That Which Is Lost

I’ve lost many things over the years. Many things I miss. And many of them I didn’t really have to lose. It’s those that hurt the most: things that are lost because of something I did or didn’t do. A result of my own choices.

I’ve been very busy the past year. Or past two years, maybe. And I never really had a very large surplus of energy to begin with, seeing how I’ve been spending most of it fighting depression for the last, I don’t know, 25 years maybe? I’ve found ways to win some battles (though usually at a price), but I haven’t yet won the war – possibly because I’ve never ever really been anything but alone. That has held me back a lot. And some things are lost because of just that. Many lost chances.

Other things have been lost over time, like some of my dreams and hopes. I can no longer remember or imagine what it’s like to not be alone, or to belong somewhere. I can’t even dream of it anymore, or even miss it. The concept is just wiped from my brain. It’s so strange. I remember that, many years ago, I told someone, very likely in vivid detail, of dreams I had. To not be alone; to have a wife, children, pets, and a house where I belonged. But today, though I can remember describing the dream, I can’t remember the dream itself. I can’t imagine having, or even ever wanting those things. And yet, I know this loss could be what I’m fighting every day.

But worst of all… well, from time to time, there have been people I’ve talked to. Some people that have upset me. And people I’ve been meaning to get back to eventually, but never had the time or energy. And… where it’s now too late. I know I’ll probably never talk to them again. And I feel guilty, for letting it happen this way. With so many things unsaid. People I wish I could tell I’m sorry.

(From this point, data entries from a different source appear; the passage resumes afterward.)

lemma reaches_right_less:
  "reaches_right M rl rh sl sh k q \<Longrightarrow> k < rh + 1 - rl \<and> q < rh + 1 - rl"
  unfolding reaches_right_def using reach_source_ok reach_target_ok by (fastforce simp: okB_def)

lemma length_phi_sigma [simp]: "length (phi_sigma M rl rh sl sh) = rh + 1 - rl"
  by (simp add: phi_sigma_def Let_def)

lemma length_phi_f [simp]: "length (phi_f M rl rh sl sh) = rh + 1 - rl"
  by (simp add: phi_f_def Let_def)

lemma nth_phi_sigma:
  assumes "k < rh + 1 - rl"
  shows "phi_sigma M rl rh sl sh ! k =
    (if \<exists>q. reaches_right M rl rh sl sh k q
     then Some (Least (reaches_right M rl rh sl sh k), Greatest (reaches_right M rl rh sl sh k))
     else None)"
proof -
  have "(\<lambda>q. q < rh + 1 - rl \<and> reaches_right M rl rh sl sh k q) = reaches_right M rl rh sl sh k"
    using reaches_right_less by blast
  moreover have "M (rl + k) sl" if "reaches_right M rl rh sl sh k q" for q
    using that reach_source_ok by (fastforce simp: reaches_right_def okB_def)
  ultimately show ?thesis
    using assms by (auto simp: phi_sigma_def Let_def)
qed

lemma nth_phi_f:
  assumes "q < rh + 1 - rl"
  shows "phi_f M rl rh sl sh ! q \<longleftrightarrow> (\<exists>k. reaches_right M rl rh sl sh k q)"
proof -
  have "M (rl + q) sh" if "reaches_right M rl rh sl sh k q" for k
    using that reach_target_ok by (fastforce simp: reaches_right_def okB_def)
  then show ?thesis
    using assms reaches_right_less by (auto simp: phi_f_def Let_def)
qed

lemma sorted_phi_sigma_fst:
  "sorted_wrt (\<lambda>x y. \<forall>u \<in> set_option x. \<forall>v \<in> set_option y. fst u \<le> fst v)
     (phi_sigma M rl rh sl sh)"
  unfolding sorted_wrt_iff_nth_less
  using nth_phi_sigma noncrossing_Least_mono[OF noncrossing_reaches_right] by auto

lemma reaches_right_iff_in_sigma_interval:
  assumes "k < rh + 1 - rl" "q < rh + 1 - rl"
  shows "reaches_right M rl rh sl sh k q \<longleftrightarrow>
    phi_f M rl rh sl sh ! q \<and>
    (\<exists>a z. phi_sigma M rl rh sl sh ! k = Some (a, z) \<and> a \<le> q \<and> q \<le> z)"
proof (cases "\<exists>q'. reaches_right M rl rh sl sh k q'")
  case True
  then obtain q' where "reaches_right M rl rh sl sh k q'" ..
  moreover have "q \<le> rh + 1 - rl" if "reaches_right M rl rh sl sh k q" for q
    using reaches_right_less[OF that] by simp
  ultimately have "reaches_right M rl rh sl sh k q \<longleftrightarrow> (\<exists>k'. reaches_right M rl rh sl sh k' q) \<and>
      Least (reaches_right M rl rh sl sh k) \<le> q \<and> q \<le> Greatest (reaches_right M rl rh sl sh k)"
    by (rule noncrossing_iff_Least_Greatest[OF noncrossing_reaches_right])
  then show ?thesis
    using True assms by (simp add: nth_phi_sigma nth_phi_f)
next
  case False
  then show ?thesis using assms(1) by (simp add: nth_phi_sigma)
qed

lemma length_right_reach_alg [simp]:
  "length (right_reach_alg (Phi M rl rh sl sh) s) = rh + 1 - rl"
  by (simp add: Phi_def)

lemma nth_right_reach_alg:
  assumes "length s = rh + 1 - rl" "q < rh + 1 - rl"
  shows "right_reach_alg (Phi M rl rh sl sh) s ! q \<longleftrightarrow>
    (\<exists>k < rh + 1 - rl. s ! k \<and> reaches_right M rl rh sl sh k q)"
proof -
  let ?sg = "phi_sigma M rl rh sl sh" and ?f = "phi_f M rl rh sl sh"
  have "sorted_wrt (\<lambda>u v. fst u \<le> fst v) (collect ?sg s)"
    by (rule sorted_wrt_collect[OF sorted_phi_sigma_fst])
  then have "sorted (map fst (collect ?sg s))"
    by (simp add: sorted_map)
  from nth_sweep[OF this, of q ?f 0] assms(2)
  have "right_reach_alg (Phi M rl rh sl sh) s ! q \<longleftrightarrow>
      ?f ! q \<and> (\<exists>(a, z) \<in> set (collect ?sg s). a \<le> q \<and> q \<le> z)"
    by (simp add: Phi_def)
  also have "\<dots> \<longleftrightarrow> (\<exists>k < rh + 1 - rl. s ! k \<and>
      ?f ! q \<and> (\<exists>a z. ?sg ! k = Some (a, z) \<and> a \<le> q \<and> q \<le> z))"
    using assms(1) by (auto simp: set_collect)
  also have "\<dots> \<longleftrightarrow> (\<exists>k < rh + 1 - rl. s ! k \<and> reaches_right M rl rh sl sh k q)"
    using assms(2) by (simp add: reaches_right_iff_in_sigma_interval cong: conj_cong)
  finally show ?thesis .
qed

lemma T_right_reach_alg_le:
  assumes "length s = rh + 1 - rl"
  shows "T_right_reach_alg (Phi M rl rh sl sh) s \<le> 3 * (rh + 1 - rl) + 3"
  using T_collect_le[of "phi_sigma M rl rh sl sh" s]
    T_sweep_le[of 0 "collect (phi_sigma M rl rh sl sh) s" "phi_f M rl rh sl sh"]
    length_collect_le[of "phi_sigma M rl rh sl sh" s] assms
  by (simp add: Phi_def)

end

lemma length_left_reach [simp]: "length (left_reach M m n rl rh sl sh) = rh + 1 - rl"
  by (simp add: left_reach_def)

lemma nth_left_reach [simp]:
  "k < rh + 1 - rl \<Longrightarrow> left_reach M m n rl rh sl sh ! k = reach (okM M m n) (1, 1) (rl + k, sl)"
  by (simp add: left_reach_def)

lemma T_right_reach_alg_left_reach_le:
  assumes "rl \<le> rh"
  shows "T_right_reach_alg (Phi M rl rh sl sh) (left_reach M m n rl rh sl sh) \<le> 6 * (rh + 1 - rl)"
  using T_right_reach_alg_le[where s = "left_reach M m n rl rh sl sh"
      and M = M and rl = rl and rh = rh and sl = sl and sh = sh] assms
  by simp

theorem lemma4:
  "\<exists>c::nat. \<forall>(M::nat \<Rightarrow> nat \<Rightarrow> bool) m n rl rh sl sh.
     1 \<le> rl \<and> rl \<le> rh \<and> rh \<le> m \<and> 1 \<le> sl \<and> sl \<le> sh \<and> sh \<le> n \<longrightarrow>
     (let r = rh + 1 - rl;
          inp = left_reach M m n rl rh sl sh;
          out = right_reach_alg (Phi M rl rh sl sh) inp
      in length out = r
         \<and> (\<forall>q<r. out ! q \<longleftrightarrow>
               (\<exists>k<r. reach (okM M m n) (1, 1) (rl + k, sl)
                      \<and> reach (okB M rl rh sl sh) (rl + k, sl) (rl + q, sh)))
         \<and> T_right_reach_alg (Phi M rl rh sl sh) inp \<le> c * r)"
  unfolding Let_def
  by (intro exI[of _ 6] allI impI conjI T_right_reach_alg_left_reach_le)
    (auto simp: nth_right_reach_alg reaches_right_def)

end
definition gauss_vec :: "nat \<Rightarrow> (nat \<Rightarrow> real) measure" where
  "gauss_vec n = PiM {..<n} (\<lambda>_. std_normal_distribution)"

lemma prob_space_std_normal_distribution: "prob_space std_normal_distribution"
  by (rule prob_space_normal_density) simp

lemma prob_space_gauss_vec: "prob_space (gauss_vec n)"
  unfolding gauss_vec_def by (intro prob_space_PiM prob_space_std_normal_distribution)

lemma sets_gauss_vec: "sets (gauss_vec n) = sets (PiM {..<n} (\<lambda>_. lborel))"
  unfolding gauss_vec_def by (rule sets_PiM_cong) auto

lemma gauss_vec_eq_density:
  "gauss_vec n = density (PiM {..<n} (\<lambda>_. lborel)) (\<lambda>x. \<Prod>i<n. std_normal_density (x i))"
  unfolding gauss_vec_def
  by (subst PiM_density)
    (auto simp: prob_space_std_normal_distribution lborel.sigma_finite_measure_axioms prod_ennreal)

lemma indep_vars_gauss_vec:
  assumes "n > 0"
  shows "prob_space.indep_vars (gauss_vec n)
    (\<lambda>_. std_normal_distribution) (\<lambda>i x. x i) {..<n}"
  unfolding gauss_vec_def using assms
  by (intro indep_vars_PiM_components prob_space_std_normal_distribution) auto

lemma gauss_vec_diff_distributed:
  assumes "i < n" "j < n" "i \<noteq> j"
  shows "distributed (gauss_vec n) lborel (\<lambda>x. x i - x j) (normal_density 0 (sqrt 2))"
proof -
  interpret prob_space "gauss_vec n"
    by (rule prob_space_gauss_vec)
  have coord: "distributed (gauss_vec n) lborel (\<lambda>x. x k) std_normal_density" if "k < n" for k
  proof -
    have "distr (gauss_vec n) lborel (\<lambda>x. x k)
        = distr (gauss_vec n) (std_normal_distribution) (\<lambda>x. x k)"
      by (rule distr_cong) auto
    also have "\<dots> = std_normal_distribution"
      unfolding gauss_vec_def using that by (intro distr_PiM_component prob_space_std_normal_distribution) auto
    finally show ?thesis
      unfolding distributed_def using that by (auto simp: gauss_vec_def)
  qed
  have "indep_vars (\<lambda>_. std_normal_distribution) (\<lambda>k x. x k) {..<n}"
    using assms by (intro indep_vars_gauss_vec) auto
  then have "indep_var (PiM {i} (\<lambda>_. std_normal_distribution)) (\<lambda>x. restrict x {i})
      (PiM {j} (\<lambda>_. std_normal_distribution)) (\<lambda>x. restrict x {j})"
    using assms indep_var_restrict[of _ "\<lambda>k x. x k" "{..<n}" "{i}" "{j}"] by auto
  then have "indep_var borel ((\<lambda>y. y i) \<circ> (\<lambda>x. restrict x {i}))
      borel ((\<lambda>y. y j) \<circ> (\<lambda>x. restrict x {j}))"
    by (rule indep_var_compose) measurable
  then have "indep_var borel (\<lambda>x. x i) borel (\<lambda>x. x j)"
    by (simp add: comp_def)
  from diff_indep_normal[OF this _ _ coord coord] show ?thesis
    using assms by simp
qed

definition index_pairs :: "nat \<Rightarrow> (nat \<times> nat) set" where
  "index_pairs n = {(i, j). i < j \<and> j < n}"

lemma finite_index_pairs [simp]: "finite (index_pairs n)"
  by (rule finite_subset[of _ "{..<n} \<times> {..<n}"]) (auto simp: index_pairs_def)

lemma card_index_pairs_le: "card (index_pairs n) \<le> n\<^sup>2"
proof -
  have "card (index_pairs n) \<le> card ({..<n} \<times> {..<n})"
    by (rule card_mono) (auto simp: index_pairs_def)
  then show ?thesis
    by (simp add: power2_eq_square)
qed

definition vdm_pow :: "nat \<Rightarrow> real \<Rightarrow> (nat \<Rightarrow> real) \<Rightarrow> real" where
  "vdm_pow n b x = (\<Prod>p\<in>index_pairs n. abs_pow (x (fst p) - x (snd p)) b)"

definition vdm_mean :: "nat \<Rightarrow> real \<Rightarrow> real" where
  "vdm_mean n b = (\<integral>x. vdm_pow n b x \<partial>gauss_vec n)"

lemma vdm_pow_nonneg: "vdm_pow n b x \<ge> 0"
  unfolding vdm_pow_def by (intro prod_nonneg) simp

lemma borel_measurable_vdm_pow [measurable]:
  "vdm_pow n b \<in> borel_measurable (PiM {..<n} (\<lambda>_. lborel))"
  unfolding vdm_pow_def
proof (rule borel_measurable_prod)
  fix p assume "p \<in> index_pairs n"
  then have "fst p \<in> {..<n}" "snd p \<in> {..<n}"
    by (auto simp: index_pairs_def)
  then show "(\<lambda>x. abs_pow (x (fst p) - x (snd p)) b) \<in> borel_measurable (PiM {..<n} (\<lambda>_. lborel))"
    by measurable
qed

lemma Zconst_eq_vdm_mean: "Zconst n b = sqrt (2 * pi) ^ n * vdm_mean n b"
proof -
  have gauss: "exp (- (1 / 2) * (\<Sum>i<n. (x i)\<^sup>2))
      = sqrt (2 * pi) ^ n * (\<Prod>i<n. std_normal_density (x i))" for x :: "nat \<Rightarrow> real"
  proof -
    have "(\<Prod>i<n. std_normal_density (x i)) = (\<Prod>i<n. 1 / sqrt (2 * pi) * exp (- (x i)\<^sup>2 / 2))"
      by (simp add: normal_density_def)
    then have "sqrt (2 * pi) ^ n * (\<Prod>i<n. std_normal_density (x i))
        = sqrt (2 * pi) ^ n * ((1 / sqrt (2 * pi)) ^ n * (\<Prod>i<n. exp (- (x i)\<^sup>2 / 2)))"
      by (simp only: prod.distrib prod_constant card_lessThan)
    also have "\<dots> = exp (\<Sum>i<n. - (x i)\<^sup>2 / 2)"
      by (simp add: exp_sum power_one_over)
    finally show ?thesis
      by (simp add: sum_distrib_left sum_negf)
  qed
  have "vdm_mean n b = (\<integral>x. (\<Prod>i<n. std_normal_density (x i)) * vdm_pow n b x
      \<partial>PiM {..<n} (\<lambda>_. lborel))"
    unfolding vdm_mean_def gauss_vec_eq_density
    by (subst integral_density) (auto intro!: prod_nonneg)
  then show ?thesis
    unfolding Zconst_def gauss vdm_pow_def index_pairs_def by (simp add: mult.assoc)
qed

lemma gauss_vec_abs_pow_diff:
  assumes "i < n" "j < n" "i \<noteq> j" "t > -1"
  shows "integrable (gauss_vec n) (\<lambda>x. abs_pow (x i - x j) t)"
    and "(\<integral>x. abs_pow (x i - x j) t \<partial>gauss_vec n) = abs_moment t"
  using distributed_integrable[OF gauss_vec_diff_distributed[OF assms(1-3)], of "\<lambda>y. abs_pow y t"]
    distributed_integral[OF gauss_vec_diff_distributed[OF assms(1-3)], of "\<lambda>y. abs_pow y t"]
    abs_moment_Gamma(1)[OF assms(4)]
  by (simp_all add: abs_moment_def)

lemma AE_gauss_vec_neq:
  assumes "i < n" "j < n" "i \<noteq> j"
  shows "AE x in gauss_vec n. x i \<noteq> x j"
proof -
  note distributed = gauss_vec_diff_distributed[OF assms]
  have "AE y in density lborel (normal_density 0 (sqrt 2)). y \<noteq> 0"
    by (subst AE_density) (auto intro: AE_mp[OF AE_lborel_singleton[of 0]])
  then have "AE y in distr (gauss_vec n) lborel (\<lambda>x. x i - x j). y \<noteq> 0"
    unfolding distributed_distr_eq_density[OF distributed] .
  from AE_distrD[OF _ this] show ?thesis
    using distributed by (auto simp: distributed_def)
qed

lemma prod_le_mean_power:
  fixes a :: "'i \<Rightarrow> real"
  assumes K: "finite K" "K \<noteq> {}" and nonneg: "\<And>k. k \<in> K \<Longrightarrow> a k \<ge> 0"
  shows "(\<Prod>k\<in>K. a k) \<le> (\<Sum>k\<in>K. a k ^ card K) / card K"
proof (cases "\<exists>k\<in>K. a k = 0")
  case True
  then show ?thesis
    using K nonneg by (simp add: prod_zero sum_nonneg)
next
  case False
  with nonneg have pos: "\<And>k. k \<in> K \<Longrightarrow> a k > 0"
    by force
  define m where "m = real (card K)"
  have m: "m > 0"
    using K by (simp add: m_def card_gt_0_iff)
  have "(\<Prod>k\<in>K. a k) = exp (\<Sum>k\<in>K. (1 / m) *\<^sub>R (m * ln (a k)))"
    using pos m by (simp add: exp_sum[OF K(1)])
  also have "\<dots> \<le> (\<Sum>k\<in>K. 1 / m * exp (m * ln (a k)))"
    using K m by (intro convex_on_sum[OF K exp_convex]) (auto simp: m_def)
  also have "\<dots> = (\<Sum>k\<in>K. a k ^ card K) / card K"
    using pos by (simp add: m_def exp_of_nat_mult sum_divide_distrib)
  finally show ?thesis .
qed

definition antidiagonal :: "nat \<Rightarrow> nat \<Rightarrow> (nat \<times> nat) set" where
  "antidiagonal n k = {p \<in> index_pairs n. (fst p + snd p) mod n = k}"

lemma finite_antidiagonal [simp]: "finite (antidiagonal n k)"
  by (rule finite_subset[OF _ finite_index_pairs]) (auto simp: antidiagonal_def)

lemma mod_add_left_cancel_less:
  fixes v x y n :: nat
  assumes "(v + x) mod n = (v + y) mod n" "x < n" "y < n"
  shows "x = y"
  using assms cong_add_lcancel_nat[of v x y n] cong_less_imp_eq_nat[of x n y]
  by (simp add: cong_def)

lemma antidiagonal_disjoint:
  assumes "p \<in> antidiagonal n k" "q \<in> antidiagonal n k" "p \<noteq> q"
  shows "{fst p, snd p} \<inter> {fst q, snd q} = {}"
proof (rule ccontr)
  obtain a b c d where p: "p = (a, b)" and q: "q = (c, d)"
    by (cases p, cases q)
  have ab: "a < b" "b < n" "(a + b) mod n = k" and cd: "c < d" "d < n" "(c + d) mod n = k"
    using assms(1,2) by (auto simp: antidiagonal_def index_pairs_def p q)
  assume "{fst p, snd p} \<inter> {fst q, snd q} \<noteq> {}"
  then consider "a = c" | "a = d" | "b = c" | "b = d"
    by (auto simp: p q)
  then show False
  proof cases
    case 1
    then have "b = d"
      using mod_add_left_cancel_less[of a b n d] ab cd by simp
    with 1 show False
      using assms(3) p q by simp
  next
    case 2
    then have "b = c"
      using mod_add_left_cancel_less[of a b n c] ab cd by (simp add: add.commute)
    with 2 show False
      using ab cd by simp
  next
    case 3
    then have "a = d"
      using mod_add_left_cancel_less[of b a n d] ab cd by (simp add: add.commute)
    with 3 show False
      using ab cd by simp
  next
    case 4
    then have "a = c"
      using mod_add_left_cancel_less[of b a n c] ab cd by (simp add: add.commute)
    with 4 show False
      using assms(3) p q by simp
  qed
qed

lemma card_antidiagonal_le: "card (antidiagonal n k) \<le> n"
proof -
  have "inj_on fst (antidiagonal n k)"
  proof (rule inj_onI)
    fix p q assume "p \<in> antidiagonal n k" "q \<in> antidiagonal n k" "fst p = fst q"
    then show "p = q"
      using antidiagonal_disjoint[of p n k q] by blast
  qed
  moreover have "fst ` antidiagonal n k \<subseteq> {..<n}"
    by (auto simp: antidiagonal_def index_pairs_def)
  ultimately show ?thesis
    using card_inj_on_le[of fst "antidiagonal n k" "{..<n}"] by simp
qed

lemma card_double_mod_eq_le:
  fixes n k :: nat
  shows "card {i. i < n \<and> (2 * i) mod n = k} \<le> 2"
proof (cases "{i. i < n \<and> (2 * i) mod n = k} = {}")
  case True
  then show ?thesis
    by (subst True) simp
next
  case False
  define U where "U = {i. i < n \<and> (2 * i) mod n = k}"
  define i0 where "i0 = Min U"
  have "i0 \<in> U"
    using False unfolding i0_def U_def by (intro Min_in) auto
  have "U \<subseteq> {i0, i0 + n div 2}"
  proof
    fix i assume i: "i \<in> U"
    then have "i0 \<le> i" "i < n" "(2 * i) mod n = (2 * i0) mod n"
      using \<open>i0 \<in> U\<close> by (auto simp: i0_def U_def)
    then have "n dvd 2 * i - 2 * i0"
      by (subst mod_eq_dvd_iff_nat[symmetric]) auto
    then obtain c where c: "2 * i - 2 * i0 = n * c"
      by blast
    with \<open>i < n\<close> have "n * c < n * 2"
      by linarith
    then have "c < 2"
      by simp
    with c show "i \<in> {i0, i0 + n div 2}"
      using \<open>i0 \<le> i\<close> by (cases c) auto
  qed
  then have "card U \<le> card {i0, i0 + n div 2}"
    by (intro card_mono) auto
  also have "\<dots> \<le> 2"
    by (simp add: card_insert_if)
  finally show ?thesis
    by (simp add: U_def)
qed

lemma antidiagonal_cover:
  assumes i: "i < n" and k: "k < n" and "(2 * i) mod n \<noteq> k"
  shows "\<exists>p\<in>antidiagonal n k. i \<in> {fst p, snd p}"
proof -
  define j where "j = (n + k - i) mod n"
  have "j < n"
    using k by (simp add: j_def)
  have ij: "(i + j) mod n = k"
  proof -
    have "(i + j) mod n = (i + (n + k - i)) mod n"
      by (simp add: j_def mod_add_right_eq)
    also have "i + (n + k - i) = n + k"
      using i by simp
    finally show ?thesis
      using k by simp
  qed
  then have "j \<noteq> i"
    using assms(3) by (auto simp: mult_2)
  then have "(min i j, max i j) \<in> antidiagonal n k"
    using i ij \<open>j < n\<close> by (auto simp: antidiagonal_def index_pairs_def min_def max_def add.commute)
  then show ?thesis
    by (intro bexI[of _ "(min i j, max i j)"]) auto
qed

lemma card_antidiagonal_ge:
  assumes k: "k < n"
  shows "n \<le> 2 * card (antidiagonal n k) + 2"
proof -
  define V where "V = (\<Union>p\<in>antidiagonal n k. {fst p, snd p})"
  define U where "U = {i. i < n \<and> (2 * i) mod n = k}"
  have "card V \<le> (\<Sum>p\<in>antidiagonal n k. card {fst p, snd p})"
    unfolding V_def by (rule card_UN_le) simp
  also have "\<dots> \<le> (\<Sum>p\<in>antidiagonal n k. 2)"
    by (intro sum_mono) (simp add: card_insert_if)
  finally have card_V: "card V \<le> 2 * card (antidiagonal n k)"
    by simp
  have "{..<n} \<subseteq> V \<union> U"
    using antidiagonal_cover[OF _ k] by (fastforce simp: V_def U_def)
  then have "n \<le> card (V \<union> U)"
    using card_mono[of "V \<union> U" "{..<n}"] by (simp add: V_def U_def)
  also have "\<dots> \<le> card V + card U"
    by (rule card_Un_le)
  finally show ?thesis
    using card_V card_double_mod_eq_le[of n k] by (simp add: U_def)
qed

lemma indep_vars_antidiagonal:
  assumes "n > 0"
  shows "prob_space.indep_vars (gauss_vec n) (\<lambda>_. borel)
    (\<lambda>p x. abs_pow (x (fst p) - x (snd p)) t) (antidiagonal n k)"
proof -
  interpret prob_space "gauss_vec n"
    by (rule prob_space_gauss_vec)
  have "indep_vars (\<lambda>p. PiM {fst p, snd p} (\<lambda>_. std_normal_distribution))
      (\<lambda>p x. restrict x {fst p, snd p}) (antidiagonal n k)"
  proof (rule indep_vars_restrict[OF indep_vars_gauss_vec[OF assms], simplified])
    show "disjoint_family_on (\<lambda>p. {fst p, snd p}) (antidiagonal n k)"
      unfolding disjoint_family_on_def using antidiagonal_disjoint by blast
  qed (auto simp: antidiagonal_def index_pairs_def)
  then have "indep_vars (\<lambda>_. borel)
      (\<lambda>p x. (\<lambda>y. abs_pow (y (fst p) - y (snd p)) t) (restrict x {fst p, snd p})) (antidiagonal n k)"
    by (rule indep_vars_compose2) measurable
  then show ?thesis
    by simp
qed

In some ways it’s worse if they’re still alive, because… well, any negative consequences of what you’ve done (or not done) would have a so much bigger impact on someone who’s still alive for many years to come, than on someone who’s dead.

I’ve lost so many things, and people, over the years. And I’m sure I’ll lose many more before my journey ends. All I can hope is that, in the end, the losses and sacrifices might be worth it. They better be.